On being part of the World Festival of Sacred Music:
The project came about through a friend who lives in Los Angeles. Judy Mitoma, who was the head of a World Arts & Cultures/Dance department at the University of Southern California, L.A., was asked by His Holiness the Dalai Lama for help in ushering in the new millennium in the spirit of world peace and reconciliation. He was really the vision behind the project - the vision being that the one thing that can unify people across language and cultural barriers is music. As a result, she initiated the World Festival of Sacred Music in 1999, which she produced again in 2002 and 2005. Many filmmakers from all over the world were hired to go and cover the Festival. Each musical company had a filmmaker assigned to it. I had just gotten back from Bali and so I was asked to cover the Balinese group, Gamelan Sekar Jaya, who participated. I got to meet the Dalai Lama and many inspiring people. It was an honor to be invited to be one of the filmmakers for this festival.
In 2005, I brought the HARKEN! Youth Media program to Providence, Rhode Island and continued it with a similar population of youth-at-risk.

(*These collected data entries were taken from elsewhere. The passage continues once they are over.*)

(* x, y, z are the columns l+1, l+2, l+3 of the path counts: x0, x1, x2 at heights m-1, m+1, m+3,
   y0, y1 at heights m-2, m, and z0, z1, z2 at heights m-1, m+1, m+3. *)
lemma recurrence_sums_ratio_le:
  fixes L M x0 x1 x2 y0 y1 z0 z1 z2 :: real
  assumes "M \<in> \<nat>" and "M + 2 \<le> L"
    and "0 \<le> x1" "0 \<le> y0" "0 \<le> z1"
    and x: "M * x1 \<le> (M + 2) * x0" "(M + 2) * x2 \<le> (M + 4) * x1"
    and y: "(M - 1) * y1 \<le> (M + 1) * y0"
    and z: "M * z1 \<le> (M + 2) * z0" "(M + 2) * z2 \<le> (M + 4) * z1"
    and yx: "(L - M) * y1 \<le> (L - M + 2) * x1" and zx: "(L - M) * z1 \<le> (L + M + 4) * x1"
  shows "(M + 1) * (wt_down L (M + 2) * x1 + wt_up L (M + 2) * x2 + wt_down2 L (M + 2) * y1
            + wt_long_down L (M + 2) * z1 + wt_long_up L (M + 2) * z2)
       \<le> (M + 3) * (wt_down L M * x0 + wt_up L M * x1 + wt_down2 L M * y0
            + wt_long_down L M * z0 + wt_long_up L M * z1)"
proof -
  have "0 \<le> M" using assms(1) by (cases rule: Nats_cases) simp
  \<comment> \<open>for M = 0 the bound y is too weak, and r = 0, i.e. y0 \<ge> 0, is used instead\<close>
  obtain r where y_ratio: "r * y1 \<le> y0" and y_coeff: "down2_coeff L M r \<le> 0"
    and x_coeff: "long_pair_deficit L M * ((L + M + 4) / (L - M))
      \<le> pair_coeff wt_down wt_up L M + down2_coeff L M r * ((L - M + 2) / (L - M))"
  proof (cases "M = 0")
    case True
    then show ?thesis
      using that[of 0] pair_coeff_short_lower_0[of M L] wt_nonneg(3)[of 2 L] assms(2) \<open>0 \<le> y0\<close>
      by (simp add: down2_coeff_def)
  next
    case False
    with assms(1) have "1 \<le> M" by (cases rule: Nats_cases) simp
    then show ?thesis
      using that[of "(M - 1) / (M + 1)"] pair_coeff_short_lower[of M L] down2_coeff_nonpos[of M L]
        y assms(2)
      by (simp add: field_simps)
  qed
  have z_coeff: "- long_pair_deficit L M \<le> pair_coeff wt_long_down wt_long_up L M"
    using pair_coeff_long_lower \<open>0 \<le> M\<close> assms(2) .
  have "0 \<le> long_pair_deficit L M"
    unfolding long_pair_deficit_def using \<open>0 \<le> M\<close> assms(2) by simp
  have slack: "M / (M + 2) * x1 \<le> x0" "x2 \<le> (M + 4) / (M + 2) * x1"
      "M / (M + 2) * z1 \<le> z0" "z2 \<le> (M + 4) / (M + 2) * z1"
      "y1 \<le> (L - M + 2) / (L - M) * x1" "z1 \<le> (L + M + 4) / (L - M) * x1"
    using x z yx zx \<open>0 \<le> M\<close> assms(2) by (simp_all add: field_simps)
  have "0 \<le> pair_coeff wt_down wt_up L M * x1 + down2_coeff L M r * y1
      + pair_coeff wt_long_down wt_long_up L M * z1"
    using y_coeff z_coeff \<open>0 \<le> long_pair_deficit L M\<close> \<open>0 \<le> x1\<close> \<open>0 \<le> z1\<close> slack(5,6) x_coeff
    by (rule dominated_combination_nonneg)
  moreover have "0 \<le> (M + 3) * wt_down L M * (x0 - M / (M + 2) * x1)
      + (M + 1) * wt_up L (M + 2) * ((M + 4) / (M + 2) * x1 - x2)
      + (M + 3) * wt_down2 L M * (y0 - r * y1)
      + (M + 3) * wt_long_down L M * (z0 - M / (M + 2) * z1)
      + (M + 1) * wt_long_up L (M + 2) * ((M + 4) / (M + 2) * z1 - z2)"
    using wt_nonneg[of M L] wt_nonneg[of "M + 2" L] slack y_ratio \<open>0 \<le> M\<close> assms(2)
    by (simp add: add_nonneg_nonneg mult_nonneg_nonneg)
  ultimately show ?thesis
    using recurrence_sums_diff_eq[of M L x0 x1 y0 z0 z1 x2 y1 z2 r] by linarith
qed

lemma qC_ratio_step_from_later_columns:
  assumes IH: "\<And>l' m'. l < l' \<Longrightarrow> -2 \<le> m' \<Longrightarrow> m' + 2 \<le> int l' \<Longrightarrow>
      (of_int m' + 1) * qC l' (m' + 2) n \<le> (of_int m' + 3) * qC l' m' n"
    and "0 \<le> m" and "m + 2 \<le> int l" and "l < 2 * n"
  shows "(of_int m + 1) * qC l (m + 2) n \<le> (of_int m + 3) * qC l m n"
proof -
  define M where "M = real_of_int m"
  have x: "M * qC (l + 1) (m + 1) n \<le> (M + 2) * qC (l + 1) (m - 1) n"
      "(M + 2) * qC (l + 1) (m + 3) n \<le> (M + 4) * qC (l + 1) (m + 1) n"
    using IH[of "l + 1" "m - 1"] IH[of "l + 1" "m + 1"] assms(2,3) by (simp_all add: M_def ac_simps)
  have y: "(M - 1) * qC (l + 2) m n \<le> (M + 1) * qC (l + 2) (m - 2) n"
    using IH[of "l + 2" "m - 2"] assms(2,3) by (simp add: M_def ac_simps)
  have z: "M * qC (l + 3) (m + 1) n \<le> (M + 2) * qC (l + 3) (m - 1) n"
      "(M + 2) * qC (l + 3) (m + 3) n \<le> (M + 4) * qC (l + 3) (m + 1) n"
    using IH[of "l + 3" "m - 1"] IH[of "l + 3" "m + 1"] assms(2,3) by (simp_all add: M_def ac_simps)
  have yx: "(real l - M) * qC (l + 2) m n \<le> (real l - M + 2) * qC (l + 1) (m + 1) n"
    using qC_down_le[of "m + 1" "l + 1" n] assms(2,3) by (simp add: M_def)
  have "(real l - M) * qC (l + 3) (m + 1) n \<le> (real l - M + 2) * qC (l + 2) (m + 2) n"
    using qC_down_le[of "m + 2" "l + 2" n] assms(2,3) by (simp add: M_def ac_simps numeral_eq_Suc)
  also have "\<dots> \<le> (real l + M + 4) * qC (l + 1) (m + 1) n"
    using qC_up_le[of "m + 1" "l + 1" n] assms(2,3) by (simp add: M_def ac_simps)
  finally have zx: "(real l - M) * qC (l + 3) (m + 1) n \<le> (real l + M + 4) * qC (l + 1) (m + 1) n" .
  have "M \<in> \<nat>"
    unfolding M_def using of_nat_nat[OF \<open>0 \<le> m\<close>] of_nat_in_Nats by metis
  have "M + 2 \<le> real l" using assms(3) by (simp add: M_def)
  have nonneg: "0 \<le> qC (l + 1) (m + 1) n" "0 \<le> qC (l + 2) (m - 2) n" "0 \<le> qC (l + 3) (m + 1) n"
    using assms(3) by (simp_all add: qC_nonneg)
  have rec2: "qC l (m + 2) n =
      wt_down l (M + 2) * qC (l + 1) (m + 1) n + wt_up l (M + 2) * qC (l + 1) (m + 3) n
    + wt_down2 l (M + 2) * qC (l + 2) m n
    + wt_long_down l (M + 2) * qC (l + 3) (m + 1) n + wt_long_up l (M + 2) * qC (l + 3) (m + 3) n"
    using qC_recurrence[of "m + 2" l n] assms(2,4) by (simp add: M_def ac_simps)
  show ?thesis
    unfolding rec2 qC_recurrence[OF assms(2,4)] M_def[symmetric]
    by (rule recurrence_sums_ratio_le[OF \<open>M \<in> \<nat>\<close> \<open>M + 2 \<le> real l\<close> nonneg x y z yx zx])
qed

The goal is to teach the youth to master their environment by learning storytelling, technical skills associated with camera work, interviewing, and editing as well as civic engagement to be able to tell compelling stories about pressing issues in their communities.
On any future projects with Rennes 2:
In terms of collaborations, there is nothing concrete yet, but I’m definitely hoping that we will be able to continue working together. I was talking with a few people from the International Relations Office and the Communications Department and we discussed the notion of possibly co-teaching online together in a structure that would have both American and French students making films and giving feedback on each other’s projects as well. Whatever the theme of the course is, production could be involved, and students would ideally be able to show each other their productions at various stages with a live debate about it in real-time. We are also talking about ways to bring some of the faculty from Rennes 2 to the University of Rhode Island.
So, hopefully that will come to fruition. In any case, I’ve really enjoyed my time in Rennes. I’ve been to France several times before, and even lived in Paris in the 1980s, but there are several things that I enjoyed about Rennes. Florian Hemont, Marcela Petrascu, Gudrun Ledegen, and all the faculty in the Communications Department really treated me well and we had very meaningful exchanges about the role of communications in the world today, particularly during this difficult time of “les greves”. I would love to have some sort of ongoing relationship with Rennes 2 University in the future.